Revision as of 23:51, 6 December 2020

The following problem is from both the 2014 AMC 12A #16 and 2014 AMC 10A #20, so both problems redirect to this page.

Problem

The product $(8)(888\dots8)$, where the second factor has $k$ digits, is an integer whose digits have a sum of $1000$. What is $k$?

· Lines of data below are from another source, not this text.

lemma enorm_funpow_mat_vec_le: "enorm p ((mat_vec p A ^^ k) y) \<le> op_norm p A ^ k * enorm p y"
proof (induction k)
  case (Suc k)
  have "enorm p (mat_vec p A ((mat_vec p A ^^ k) y)) \<le> op_norm p A * enorm p ((mat_vec p A ^^ k) y)"
    by (rule enorm_mat_vec_le_op_norm)
  also have "\<dots> \<le> op_norm p A * (op_norm p A ^ k * enorm p y)"
    by (intro mult_left_mono Suc.IH op_norm_nonneg)
  finally show ?case by (simp add: mult.assoc)
qed simp

text \<open>For \<open>\<Sigma> = S\<^sup>2\<close> the powers of the self-adjoint map \<open>S Q S\<close> factor through
  \<open>(Q\<Sigma>)^k\<close>, so the non-symmetric product \<open>Q\<Sigma>\<close> controls the form \<open>x \<mapsto> (Sx)\<^sup>T Q (Sx)\<close>.\<close>

lemma enorm_funpow_SQS_le:
  assumes Sig: "\<forall>j<p. \<forall>k<p. Sig j k = mat_mult p S S j k"
  shows "enorm p (((mat_vec p S \<circ> mat_vec p Q \<circ> mat_vec p S) ^^ Suc k) y)
    \<le> op_norm p S * op_norm p Q * op_norm p S * op_norm p (mat_mult p Q Sig) ^ k * enorm p y"
proof -
  define g where "g = mat_vec p Q \<circ> mat_vec p S \<circ> mat_vec p S"
  have "mat_vec p (mat_mult p Q Sig) = g"
  proof
    fix y
    have "mat_vec p Q (mat_vec p Sig y) = mat_vec p Q (mat_vec p (mat_mult p S S) y)"
      using Sig by (intro mat_vec_cong) (simp add: mat_vec_def)
    then show "mat_vec p (mat_mult p Q Sig) y = g y"
      by (simp add: g_def mat_vec_mat_mult)
  qed
  moreover have "((mat_vec p S \<circ> mat_vec p Q \<circ> mat_vec p S) ^^ Suc k) y
      = mat_vec p S ((g ^^ k) (mat_vec p Q (mat_vec p S y)))"
    by (induction k) (simp_all add: g_def)
  ultimately have "enorm p (((mat_vec p S \<circ> mat_vec p Q \<circ> mat_vec p S) ^^ Suc k) y)
      \<le> op_norm p S * (op_norm p (mat_mult p Q Sig) ^ k * enorm p (mat_vec p Q (mat_vec p S y)))"
    by (metis enorm_funpow_mat_vec_le enorm_mat_vec_le_op_norm mult_left_mono op_norm_nonneg
        order_trans)
  also have "\<dots> \<le> op_norm p S * (op_norm p (mat_mult p Q Sig) ^ k * (op_norm p Q * (op_norm p S * enorm p y)))"
    by (intro mult_left_mono order_trans[OF enorm_mat_vec_le_op_norm] enorm_mat_vec_le_op_norm
        op_norm_nonneg zero_le_power)
  finally show ?thesis by (simp add: mult_ac)
qed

$\textbf{(A)}\ 901\qquad\textbf{(B)}\ 911\qquad\textbf{(C)}\ 919\qquad\textbf{(D)}\ 991\qquad\textbf{(E)}\ 999$

Solution

We can list the first few numbers in the form $8*(8....8)$

(Hard problem to do without the multiplication, but you can see the pattern early on)

$8*8 = 64$

$8*88 = 704$

$8*888 = 7104$

$8*8888 = 71104$

$8*88888 = 711104$

By now it's clear that the numbers will be in the form $7$, $k-2$ $1$s, and $04$. We want to make the numbers sum to 1000, so $7+4+(k-2) = 1000$. Solving, we get $k = 991$, meaning the answer is $\fbox{(D)}$

Solution 2(Educated Guess if you have no time)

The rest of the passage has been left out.